#### Instructions for the task
Within the records that follow, find every line containing the string "imports". Copy those lines.
[Start of Attachment]
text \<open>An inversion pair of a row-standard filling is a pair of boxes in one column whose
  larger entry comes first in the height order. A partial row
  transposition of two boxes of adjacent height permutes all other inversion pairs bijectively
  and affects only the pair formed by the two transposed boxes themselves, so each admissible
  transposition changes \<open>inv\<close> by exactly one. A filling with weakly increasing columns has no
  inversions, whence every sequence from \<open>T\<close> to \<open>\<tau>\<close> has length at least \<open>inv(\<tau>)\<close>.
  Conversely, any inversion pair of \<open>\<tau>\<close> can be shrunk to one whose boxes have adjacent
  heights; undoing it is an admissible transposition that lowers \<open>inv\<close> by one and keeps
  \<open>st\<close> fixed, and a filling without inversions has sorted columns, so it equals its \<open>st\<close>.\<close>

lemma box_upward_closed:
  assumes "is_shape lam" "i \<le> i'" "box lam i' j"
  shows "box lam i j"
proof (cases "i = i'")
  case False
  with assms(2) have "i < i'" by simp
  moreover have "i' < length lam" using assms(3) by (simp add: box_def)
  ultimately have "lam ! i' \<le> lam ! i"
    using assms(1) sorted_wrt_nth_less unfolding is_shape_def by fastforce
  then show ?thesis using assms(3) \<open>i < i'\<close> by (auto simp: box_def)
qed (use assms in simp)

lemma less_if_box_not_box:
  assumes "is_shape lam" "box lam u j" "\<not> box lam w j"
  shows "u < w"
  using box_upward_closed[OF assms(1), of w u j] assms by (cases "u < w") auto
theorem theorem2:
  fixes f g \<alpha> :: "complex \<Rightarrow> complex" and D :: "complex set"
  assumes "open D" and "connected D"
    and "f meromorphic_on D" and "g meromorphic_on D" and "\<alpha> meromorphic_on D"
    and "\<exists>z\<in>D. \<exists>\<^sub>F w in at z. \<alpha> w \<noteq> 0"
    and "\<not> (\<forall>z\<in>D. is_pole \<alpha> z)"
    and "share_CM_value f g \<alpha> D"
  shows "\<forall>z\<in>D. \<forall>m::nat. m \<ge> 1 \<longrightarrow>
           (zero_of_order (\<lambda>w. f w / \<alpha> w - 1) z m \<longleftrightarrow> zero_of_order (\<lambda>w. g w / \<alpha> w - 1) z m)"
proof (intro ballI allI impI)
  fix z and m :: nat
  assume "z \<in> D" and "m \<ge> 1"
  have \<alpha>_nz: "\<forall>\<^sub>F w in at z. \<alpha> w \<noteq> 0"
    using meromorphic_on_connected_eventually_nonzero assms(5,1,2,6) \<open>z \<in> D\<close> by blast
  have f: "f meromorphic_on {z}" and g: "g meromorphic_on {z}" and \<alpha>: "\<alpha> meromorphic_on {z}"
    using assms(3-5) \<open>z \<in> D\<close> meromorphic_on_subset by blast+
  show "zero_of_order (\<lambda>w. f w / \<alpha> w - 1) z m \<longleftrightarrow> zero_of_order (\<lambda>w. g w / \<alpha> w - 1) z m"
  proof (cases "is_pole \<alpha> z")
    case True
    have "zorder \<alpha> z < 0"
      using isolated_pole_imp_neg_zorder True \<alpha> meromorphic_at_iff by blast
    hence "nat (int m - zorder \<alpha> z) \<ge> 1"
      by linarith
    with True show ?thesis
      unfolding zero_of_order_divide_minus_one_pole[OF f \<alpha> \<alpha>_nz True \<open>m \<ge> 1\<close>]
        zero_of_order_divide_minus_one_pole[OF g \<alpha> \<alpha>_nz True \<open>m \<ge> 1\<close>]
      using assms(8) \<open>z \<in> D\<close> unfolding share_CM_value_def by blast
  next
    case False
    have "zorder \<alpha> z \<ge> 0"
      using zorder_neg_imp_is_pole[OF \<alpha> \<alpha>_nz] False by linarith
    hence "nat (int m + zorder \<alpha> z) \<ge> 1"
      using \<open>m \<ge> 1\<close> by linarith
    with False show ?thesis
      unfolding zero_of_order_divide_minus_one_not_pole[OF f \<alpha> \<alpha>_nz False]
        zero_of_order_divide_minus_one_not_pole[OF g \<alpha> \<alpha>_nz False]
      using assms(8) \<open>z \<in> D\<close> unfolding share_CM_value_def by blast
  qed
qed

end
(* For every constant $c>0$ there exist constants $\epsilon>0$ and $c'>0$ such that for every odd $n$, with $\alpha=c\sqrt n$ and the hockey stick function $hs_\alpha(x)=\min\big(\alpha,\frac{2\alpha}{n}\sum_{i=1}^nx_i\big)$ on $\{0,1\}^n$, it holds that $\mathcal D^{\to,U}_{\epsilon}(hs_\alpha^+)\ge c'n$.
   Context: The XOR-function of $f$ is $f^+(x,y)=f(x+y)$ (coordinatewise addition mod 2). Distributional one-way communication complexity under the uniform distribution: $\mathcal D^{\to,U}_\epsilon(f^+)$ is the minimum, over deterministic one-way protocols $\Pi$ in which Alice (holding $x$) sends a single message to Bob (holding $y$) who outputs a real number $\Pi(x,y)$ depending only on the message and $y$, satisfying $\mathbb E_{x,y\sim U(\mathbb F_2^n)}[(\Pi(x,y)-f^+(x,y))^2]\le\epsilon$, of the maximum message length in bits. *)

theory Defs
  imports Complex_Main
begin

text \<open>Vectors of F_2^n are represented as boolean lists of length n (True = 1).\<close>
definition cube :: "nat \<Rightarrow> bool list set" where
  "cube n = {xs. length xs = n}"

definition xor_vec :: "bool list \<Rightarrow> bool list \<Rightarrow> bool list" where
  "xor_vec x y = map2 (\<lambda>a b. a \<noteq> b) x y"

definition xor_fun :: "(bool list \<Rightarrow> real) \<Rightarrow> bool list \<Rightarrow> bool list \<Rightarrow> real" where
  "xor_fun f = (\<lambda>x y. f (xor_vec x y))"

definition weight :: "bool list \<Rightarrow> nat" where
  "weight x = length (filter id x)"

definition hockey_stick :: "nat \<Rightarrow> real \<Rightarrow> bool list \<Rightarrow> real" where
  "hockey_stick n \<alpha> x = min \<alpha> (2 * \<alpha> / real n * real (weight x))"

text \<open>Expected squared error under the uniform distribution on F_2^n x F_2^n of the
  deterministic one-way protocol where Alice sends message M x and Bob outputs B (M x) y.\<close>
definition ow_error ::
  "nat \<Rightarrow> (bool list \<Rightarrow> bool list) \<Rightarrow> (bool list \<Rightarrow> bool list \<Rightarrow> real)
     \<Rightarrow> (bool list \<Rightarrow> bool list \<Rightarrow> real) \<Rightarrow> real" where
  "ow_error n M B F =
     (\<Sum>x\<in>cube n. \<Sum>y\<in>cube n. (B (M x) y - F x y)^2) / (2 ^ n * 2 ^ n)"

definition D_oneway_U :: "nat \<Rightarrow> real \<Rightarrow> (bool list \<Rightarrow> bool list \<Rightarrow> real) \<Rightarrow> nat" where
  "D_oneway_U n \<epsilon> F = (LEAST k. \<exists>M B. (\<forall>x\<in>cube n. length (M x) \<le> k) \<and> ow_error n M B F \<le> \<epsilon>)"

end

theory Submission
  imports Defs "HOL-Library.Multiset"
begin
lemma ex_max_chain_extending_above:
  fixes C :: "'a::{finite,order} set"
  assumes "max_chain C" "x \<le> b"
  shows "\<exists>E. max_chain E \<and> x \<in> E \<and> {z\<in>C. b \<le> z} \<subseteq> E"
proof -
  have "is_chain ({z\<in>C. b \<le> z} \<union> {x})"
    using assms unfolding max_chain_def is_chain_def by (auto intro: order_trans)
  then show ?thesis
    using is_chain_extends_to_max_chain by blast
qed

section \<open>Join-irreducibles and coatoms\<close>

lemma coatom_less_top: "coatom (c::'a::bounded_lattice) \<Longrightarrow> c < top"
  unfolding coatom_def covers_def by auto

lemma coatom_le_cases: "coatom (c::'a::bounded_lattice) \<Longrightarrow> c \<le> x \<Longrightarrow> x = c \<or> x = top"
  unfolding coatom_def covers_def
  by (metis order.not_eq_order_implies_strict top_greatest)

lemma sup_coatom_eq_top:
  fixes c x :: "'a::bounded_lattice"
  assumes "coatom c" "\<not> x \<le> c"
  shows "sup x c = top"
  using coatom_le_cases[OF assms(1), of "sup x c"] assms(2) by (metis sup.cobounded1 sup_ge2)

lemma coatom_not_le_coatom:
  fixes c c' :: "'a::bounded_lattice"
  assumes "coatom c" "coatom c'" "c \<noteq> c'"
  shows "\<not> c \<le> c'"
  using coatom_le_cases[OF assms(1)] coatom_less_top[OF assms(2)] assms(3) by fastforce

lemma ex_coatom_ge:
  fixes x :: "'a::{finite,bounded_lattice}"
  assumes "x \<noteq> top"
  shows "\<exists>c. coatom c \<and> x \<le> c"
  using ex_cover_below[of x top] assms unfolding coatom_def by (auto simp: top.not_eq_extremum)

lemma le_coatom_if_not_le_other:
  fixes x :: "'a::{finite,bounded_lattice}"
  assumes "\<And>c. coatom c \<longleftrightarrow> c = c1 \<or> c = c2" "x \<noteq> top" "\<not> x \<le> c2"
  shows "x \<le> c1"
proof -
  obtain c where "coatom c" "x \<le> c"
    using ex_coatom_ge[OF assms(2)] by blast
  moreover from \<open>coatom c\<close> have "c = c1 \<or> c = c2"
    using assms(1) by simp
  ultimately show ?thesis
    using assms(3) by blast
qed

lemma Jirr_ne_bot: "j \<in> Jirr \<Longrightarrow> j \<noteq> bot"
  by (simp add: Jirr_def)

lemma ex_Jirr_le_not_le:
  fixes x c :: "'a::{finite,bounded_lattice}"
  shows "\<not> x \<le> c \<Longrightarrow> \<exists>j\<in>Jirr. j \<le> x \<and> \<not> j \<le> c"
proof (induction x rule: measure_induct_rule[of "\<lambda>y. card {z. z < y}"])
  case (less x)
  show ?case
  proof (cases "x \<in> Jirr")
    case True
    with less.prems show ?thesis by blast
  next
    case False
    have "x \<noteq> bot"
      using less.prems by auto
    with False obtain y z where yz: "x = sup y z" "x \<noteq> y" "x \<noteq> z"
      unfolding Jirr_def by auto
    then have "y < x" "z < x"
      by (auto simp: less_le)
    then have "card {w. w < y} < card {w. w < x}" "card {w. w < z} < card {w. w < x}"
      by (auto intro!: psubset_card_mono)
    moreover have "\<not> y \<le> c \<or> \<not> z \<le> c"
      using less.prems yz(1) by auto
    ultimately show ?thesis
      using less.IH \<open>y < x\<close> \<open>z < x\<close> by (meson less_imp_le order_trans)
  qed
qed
[End of Attachment]
[Start of Attachment]
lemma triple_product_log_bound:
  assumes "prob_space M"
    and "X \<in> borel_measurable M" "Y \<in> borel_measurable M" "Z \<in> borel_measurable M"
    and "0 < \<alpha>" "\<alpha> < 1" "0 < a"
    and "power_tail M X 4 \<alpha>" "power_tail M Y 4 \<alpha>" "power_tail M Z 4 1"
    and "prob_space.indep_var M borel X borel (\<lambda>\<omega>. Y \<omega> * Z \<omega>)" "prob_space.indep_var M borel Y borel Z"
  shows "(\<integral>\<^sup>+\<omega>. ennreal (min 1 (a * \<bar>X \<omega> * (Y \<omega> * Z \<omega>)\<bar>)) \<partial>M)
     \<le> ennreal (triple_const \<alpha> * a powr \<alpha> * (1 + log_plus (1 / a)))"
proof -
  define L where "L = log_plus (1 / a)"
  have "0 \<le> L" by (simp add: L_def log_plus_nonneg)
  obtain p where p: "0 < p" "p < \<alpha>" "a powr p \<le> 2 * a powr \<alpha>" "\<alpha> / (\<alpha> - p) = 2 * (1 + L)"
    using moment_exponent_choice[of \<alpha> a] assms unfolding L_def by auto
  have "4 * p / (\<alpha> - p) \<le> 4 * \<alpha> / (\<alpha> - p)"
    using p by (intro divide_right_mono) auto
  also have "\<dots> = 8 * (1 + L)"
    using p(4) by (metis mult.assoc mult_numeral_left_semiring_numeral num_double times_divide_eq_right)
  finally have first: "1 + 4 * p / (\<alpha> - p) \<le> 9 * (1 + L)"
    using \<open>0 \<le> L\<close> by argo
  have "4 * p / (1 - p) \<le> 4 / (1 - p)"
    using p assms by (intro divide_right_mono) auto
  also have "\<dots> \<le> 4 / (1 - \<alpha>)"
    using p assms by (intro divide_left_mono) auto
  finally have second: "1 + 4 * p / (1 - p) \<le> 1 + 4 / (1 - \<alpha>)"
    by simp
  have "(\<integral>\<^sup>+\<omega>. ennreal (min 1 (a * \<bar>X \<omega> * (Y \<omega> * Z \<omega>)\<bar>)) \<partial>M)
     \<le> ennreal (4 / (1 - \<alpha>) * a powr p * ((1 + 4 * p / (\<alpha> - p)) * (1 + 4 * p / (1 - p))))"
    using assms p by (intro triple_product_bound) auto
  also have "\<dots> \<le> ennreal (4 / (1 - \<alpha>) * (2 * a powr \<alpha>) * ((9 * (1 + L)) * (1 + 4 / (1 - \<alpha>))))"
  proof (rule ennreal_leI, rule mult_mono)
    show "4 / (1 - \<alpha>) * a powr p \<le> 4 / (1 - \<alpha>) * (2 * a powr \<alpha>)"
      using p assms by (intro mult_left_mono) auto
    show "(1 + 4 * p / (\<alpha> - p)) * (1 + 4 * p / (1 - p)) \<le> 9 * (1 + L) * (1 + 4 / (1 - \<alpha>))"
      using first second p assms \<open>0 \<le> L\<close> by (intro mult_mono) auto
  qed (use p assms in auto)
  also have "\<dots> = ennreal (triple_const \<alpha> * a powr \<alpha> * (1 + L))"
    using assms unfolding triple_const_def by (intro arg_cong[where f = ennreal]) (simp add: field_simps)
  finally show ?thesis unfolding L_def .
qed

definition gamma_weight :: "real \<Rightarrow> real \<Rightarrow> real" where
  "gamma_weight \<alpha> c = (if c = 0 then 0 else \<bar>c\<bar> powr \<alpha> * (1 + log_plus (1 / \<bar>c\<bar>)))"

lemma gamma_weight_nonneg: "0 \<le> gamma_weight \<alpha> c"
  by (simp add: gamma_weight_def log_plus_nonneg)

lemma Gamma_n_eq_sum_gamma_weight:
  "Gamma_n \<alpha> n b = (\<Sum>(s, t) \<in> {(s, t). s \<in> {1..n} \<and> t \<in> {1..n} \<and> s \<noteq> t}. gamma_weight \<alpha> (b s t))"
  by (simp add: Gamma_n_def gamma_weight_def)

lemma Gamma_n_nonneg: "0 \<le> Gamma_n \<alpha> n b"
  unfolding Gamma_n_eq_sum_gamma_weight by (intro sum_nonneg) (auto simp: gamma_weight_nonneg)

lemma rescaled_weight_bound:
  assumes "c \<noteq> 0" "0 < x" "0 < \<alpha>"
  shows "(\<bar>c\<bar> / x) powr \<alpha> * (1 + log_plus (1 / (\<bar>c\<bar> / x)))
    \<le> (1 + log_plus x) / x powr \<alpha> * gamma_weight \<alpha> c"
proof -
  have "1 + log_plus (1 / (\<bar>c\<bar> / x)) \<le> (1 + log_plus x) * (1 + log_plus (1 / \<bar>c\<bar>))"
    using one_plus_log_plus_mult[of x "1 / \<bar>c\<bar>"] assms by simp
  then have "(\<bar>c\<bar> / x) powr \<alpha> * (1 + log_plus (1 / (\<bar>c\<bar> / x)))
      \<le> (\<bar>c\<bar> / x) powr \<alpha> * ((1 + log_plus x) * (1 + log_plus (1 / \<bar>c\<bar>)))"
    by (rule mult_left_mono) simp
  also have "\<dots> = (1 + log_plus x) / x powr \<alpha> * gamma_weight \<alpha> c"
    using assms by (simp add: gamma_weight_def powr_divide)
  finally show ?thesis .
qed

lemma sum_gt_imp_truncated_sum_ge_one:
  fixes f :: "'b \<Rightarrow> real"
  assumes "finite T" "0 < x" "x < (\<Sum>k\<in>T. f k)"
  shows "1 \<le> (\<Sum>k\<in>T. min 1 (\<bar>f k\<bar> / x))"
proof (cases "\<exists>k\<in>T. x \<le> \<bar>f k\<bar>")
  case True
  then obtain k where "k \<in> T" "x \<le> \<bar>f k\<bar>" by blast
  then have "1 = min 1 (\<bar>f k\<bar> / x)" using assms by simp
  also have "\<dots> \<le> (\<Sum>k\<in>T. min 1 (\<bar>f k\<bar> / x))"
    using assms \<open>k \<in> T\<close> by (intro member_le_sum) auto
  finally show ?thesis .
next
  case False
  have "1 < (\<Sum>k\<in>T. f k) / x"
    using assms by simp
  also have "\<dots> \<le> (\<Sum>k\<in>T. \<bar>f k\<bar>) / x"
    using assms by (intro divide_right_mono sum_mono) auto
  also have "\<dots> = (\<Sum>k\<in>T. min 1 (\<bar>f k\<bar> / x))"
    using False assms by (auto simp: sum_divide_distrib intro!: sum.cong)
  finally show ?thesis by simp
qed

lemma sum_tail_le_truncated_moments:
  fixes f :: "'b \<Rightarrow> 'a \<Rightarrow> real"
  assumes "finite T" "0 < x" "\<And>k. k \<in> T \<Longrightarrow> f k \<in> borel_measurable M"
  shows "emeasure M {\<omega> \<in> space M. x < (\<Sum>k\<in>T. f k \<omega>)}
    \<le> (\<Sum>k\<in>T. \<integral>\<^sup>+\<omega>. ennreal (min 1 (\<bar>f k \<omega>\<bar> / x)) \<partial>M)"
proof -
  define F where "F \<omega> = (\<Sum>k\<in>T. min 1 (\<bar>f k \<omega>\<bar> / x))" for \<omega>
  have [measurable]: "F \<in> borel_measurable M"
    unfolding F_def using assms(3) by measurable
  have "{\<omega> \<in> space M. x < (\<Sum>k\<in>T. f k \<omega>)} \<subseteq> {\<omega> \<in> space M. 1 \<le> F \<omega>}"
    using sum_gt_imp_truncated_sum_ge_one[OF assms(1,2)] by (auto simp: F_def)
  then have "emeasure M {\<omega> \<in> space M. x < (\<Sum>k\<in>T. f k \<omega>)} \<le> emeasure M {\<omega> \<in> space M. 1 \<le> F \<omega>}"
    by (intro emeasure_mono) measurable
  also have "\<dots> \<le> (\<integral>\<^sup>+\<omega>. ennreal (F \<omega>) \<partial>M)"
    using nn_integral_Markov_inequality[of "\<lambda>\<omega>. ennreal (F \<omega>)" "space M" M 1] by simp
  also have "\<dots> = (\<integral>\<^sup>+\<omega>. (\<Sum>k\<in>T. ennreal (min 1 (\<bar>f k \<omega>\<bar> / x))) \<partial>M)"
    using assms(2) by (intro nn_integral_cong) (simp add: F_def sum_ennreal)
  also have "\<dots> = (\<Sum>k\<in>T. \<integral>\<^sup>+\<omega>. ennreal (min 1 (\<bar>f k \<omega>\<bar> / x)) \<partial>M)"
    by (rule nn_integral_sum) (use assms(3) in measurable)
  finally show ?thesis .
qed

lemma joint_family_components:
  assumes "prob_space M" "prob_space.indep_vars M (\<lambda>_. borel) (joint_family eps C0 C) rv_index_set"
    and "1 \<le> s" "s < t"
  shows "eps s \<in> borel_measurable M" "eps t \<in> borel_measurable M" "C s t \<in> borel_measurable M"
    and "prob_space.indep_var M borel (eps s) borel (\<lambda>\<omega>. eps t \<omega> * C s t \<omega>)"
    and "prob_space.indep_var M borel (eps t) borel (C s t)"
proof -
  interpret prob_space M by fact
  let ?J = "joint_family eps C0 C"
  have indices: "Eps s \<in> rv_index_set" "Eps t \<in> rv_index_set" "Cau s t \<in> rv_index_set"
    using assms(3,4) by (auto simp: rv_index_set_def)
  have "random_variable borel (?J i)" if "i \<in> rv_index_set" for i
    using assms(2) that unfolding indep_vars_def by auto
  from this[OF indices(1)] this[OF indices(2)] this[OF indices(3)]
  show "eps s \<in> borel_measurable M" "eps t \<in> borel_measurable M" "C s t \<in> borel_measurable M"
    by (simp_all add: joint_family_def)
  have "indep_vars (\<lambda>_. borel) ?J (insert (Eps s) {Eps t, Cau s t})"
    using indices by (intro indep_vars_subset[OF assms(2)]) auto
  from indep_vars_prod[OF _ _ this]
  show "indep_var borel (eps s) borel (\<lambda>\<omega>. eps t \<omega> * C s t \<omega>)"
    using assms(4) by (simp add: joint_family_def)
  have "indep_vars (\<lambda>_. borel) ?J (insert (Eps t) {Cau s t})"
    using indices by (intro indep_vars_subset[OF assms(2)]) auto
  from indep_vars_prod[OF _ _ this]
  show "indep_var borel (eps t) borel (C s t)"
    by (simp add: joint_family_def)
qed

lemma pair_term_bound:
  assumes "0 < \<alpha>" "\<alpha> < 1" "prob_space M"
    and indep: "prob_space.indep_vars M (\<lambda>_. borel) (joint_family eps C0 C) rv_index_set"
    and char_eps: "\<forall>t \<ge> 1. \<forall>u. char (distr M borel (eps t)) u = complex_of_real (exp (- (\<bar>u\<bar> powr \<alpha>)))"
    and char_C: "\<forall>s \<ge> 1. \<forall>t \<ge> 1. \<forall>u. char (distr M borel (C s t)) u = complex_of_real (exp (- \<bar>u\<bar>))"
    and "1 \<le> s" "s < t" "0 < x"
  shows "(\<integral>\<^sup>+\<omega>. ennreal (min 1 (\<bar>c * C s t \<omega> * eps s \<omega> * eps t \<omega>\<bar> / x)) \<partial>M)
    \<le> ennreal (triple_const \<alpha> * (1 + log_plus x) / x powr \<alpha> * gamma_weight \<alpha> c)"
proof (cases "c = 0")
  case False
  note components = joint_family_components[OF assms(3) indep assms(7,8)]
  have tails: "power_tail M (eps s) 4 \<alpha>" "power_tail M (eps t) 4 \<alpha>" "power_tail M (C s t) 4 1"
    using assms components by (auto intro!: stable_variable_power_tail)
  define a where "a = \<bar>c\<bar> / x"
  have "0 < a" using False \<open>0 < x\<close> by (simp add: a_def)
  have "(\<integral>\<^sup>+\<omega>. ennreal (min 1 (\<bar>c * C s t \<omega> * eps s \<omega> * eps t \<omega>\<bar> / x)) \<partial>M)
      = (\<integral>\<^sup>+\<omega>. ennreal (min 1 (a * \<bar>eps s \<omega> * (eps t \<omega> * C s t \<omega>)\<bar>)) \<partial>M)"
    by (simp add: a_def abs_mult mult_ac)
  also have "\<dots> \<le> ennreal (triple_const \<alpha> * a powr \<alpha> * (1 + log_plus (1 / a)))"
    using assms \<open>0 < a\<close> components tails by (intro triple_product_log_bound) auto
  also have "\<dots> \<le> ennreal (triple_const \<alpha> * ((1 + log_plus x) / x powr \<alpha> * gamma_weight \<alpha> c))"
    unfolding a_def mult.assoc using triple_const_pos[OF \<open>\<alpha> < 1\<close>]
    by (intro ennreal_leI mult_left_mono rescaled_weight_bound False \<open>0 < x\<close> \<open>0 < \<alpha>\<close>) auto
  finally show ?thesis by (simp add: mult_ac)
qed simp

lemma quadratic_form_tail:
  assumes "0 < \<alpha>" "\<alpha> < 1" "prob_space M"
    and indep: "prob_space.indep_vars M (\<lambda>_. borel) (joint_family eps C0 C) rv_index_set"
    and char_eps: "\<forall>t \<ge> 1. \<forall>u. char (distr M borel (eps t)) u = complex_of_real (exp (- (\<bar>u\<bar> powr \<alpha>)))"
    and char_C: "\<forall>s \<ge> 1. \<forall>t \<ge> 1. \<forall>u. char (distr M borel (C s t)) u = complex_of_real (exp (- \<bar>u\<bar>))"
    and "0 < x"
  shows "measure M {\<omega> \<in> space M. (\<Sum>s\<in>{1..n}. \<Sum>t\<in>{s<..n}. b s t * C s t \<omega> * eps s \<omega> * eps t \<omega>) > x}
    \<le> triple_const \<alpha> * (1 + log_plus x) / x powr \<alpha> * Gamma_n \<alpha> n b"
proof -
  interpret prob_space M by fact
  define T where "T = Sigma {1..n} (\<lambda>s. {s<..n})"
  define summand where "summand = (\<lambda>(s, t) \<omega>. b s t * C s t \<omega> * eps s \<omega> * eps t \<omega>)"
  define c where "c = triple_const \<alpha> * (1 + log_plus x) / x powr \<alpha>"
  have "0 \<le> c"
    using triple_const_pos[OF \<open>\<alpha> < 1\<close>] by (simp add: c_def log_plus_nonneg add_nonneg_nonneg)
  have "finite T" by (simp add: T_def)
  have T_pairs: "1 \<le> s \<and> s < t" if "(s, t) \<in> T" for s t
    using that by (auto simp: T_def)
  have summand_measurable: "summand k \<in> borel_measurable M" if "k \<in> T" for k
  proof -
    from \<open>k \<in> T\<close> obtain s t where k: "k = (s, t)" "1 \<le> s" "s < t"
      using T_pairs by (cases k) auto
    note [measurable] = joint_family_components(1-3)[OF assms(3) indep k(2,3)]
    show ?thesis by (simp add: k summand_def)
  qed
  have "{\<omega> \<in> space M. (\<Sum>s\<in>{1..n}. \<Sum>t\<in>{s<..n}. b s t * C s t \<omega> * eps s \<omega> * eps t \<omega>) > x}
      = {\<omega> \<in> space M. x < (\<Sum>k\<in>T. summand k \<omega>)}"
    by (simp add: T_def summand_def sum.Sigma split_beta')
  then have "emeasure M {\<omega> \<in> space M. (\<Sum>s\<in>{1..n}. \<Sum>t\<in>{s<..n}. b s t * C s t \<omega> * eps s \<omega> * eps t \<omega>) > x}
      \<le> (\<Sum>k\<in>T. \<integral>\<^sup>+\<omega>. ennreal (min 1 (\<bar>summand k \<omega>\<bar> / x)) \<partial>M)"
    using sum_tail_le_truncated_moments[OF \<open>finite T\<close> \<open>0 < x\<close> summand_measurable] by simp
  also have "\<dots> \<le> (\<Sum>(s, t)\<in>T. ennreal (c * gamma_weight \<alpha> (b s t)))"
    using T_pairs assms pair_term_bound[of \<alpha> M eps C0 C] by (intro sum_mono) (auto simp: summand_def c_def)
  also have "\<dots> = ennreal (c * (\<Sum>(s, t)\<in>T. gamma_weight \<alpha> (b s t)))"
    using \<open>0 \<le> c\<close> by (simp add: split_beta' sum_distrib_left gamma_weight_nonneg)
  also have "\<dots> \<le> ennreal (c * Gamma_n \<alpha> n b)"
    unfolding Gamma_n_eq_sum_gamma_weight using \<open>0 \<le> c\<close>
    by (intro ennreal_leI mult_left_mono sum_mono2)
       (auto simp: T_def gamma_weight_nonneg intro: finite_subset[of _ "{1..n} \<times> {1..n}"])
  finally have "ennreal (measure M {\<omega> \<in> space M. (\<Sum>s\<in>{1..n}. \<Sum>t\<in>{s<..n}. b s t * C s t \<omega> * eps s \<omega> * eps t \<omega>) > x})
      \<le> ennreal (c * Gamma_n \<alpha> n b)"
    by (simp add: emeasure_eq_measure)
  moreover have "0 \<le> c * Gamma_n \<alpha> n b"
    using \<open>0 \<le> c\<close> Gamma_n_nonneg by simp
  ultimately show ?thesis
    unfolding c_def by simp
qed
[End of Attachment]
#### Solution to this exercise
  imports Complex_Main
  imports Defs "HOL-Library.Multiset"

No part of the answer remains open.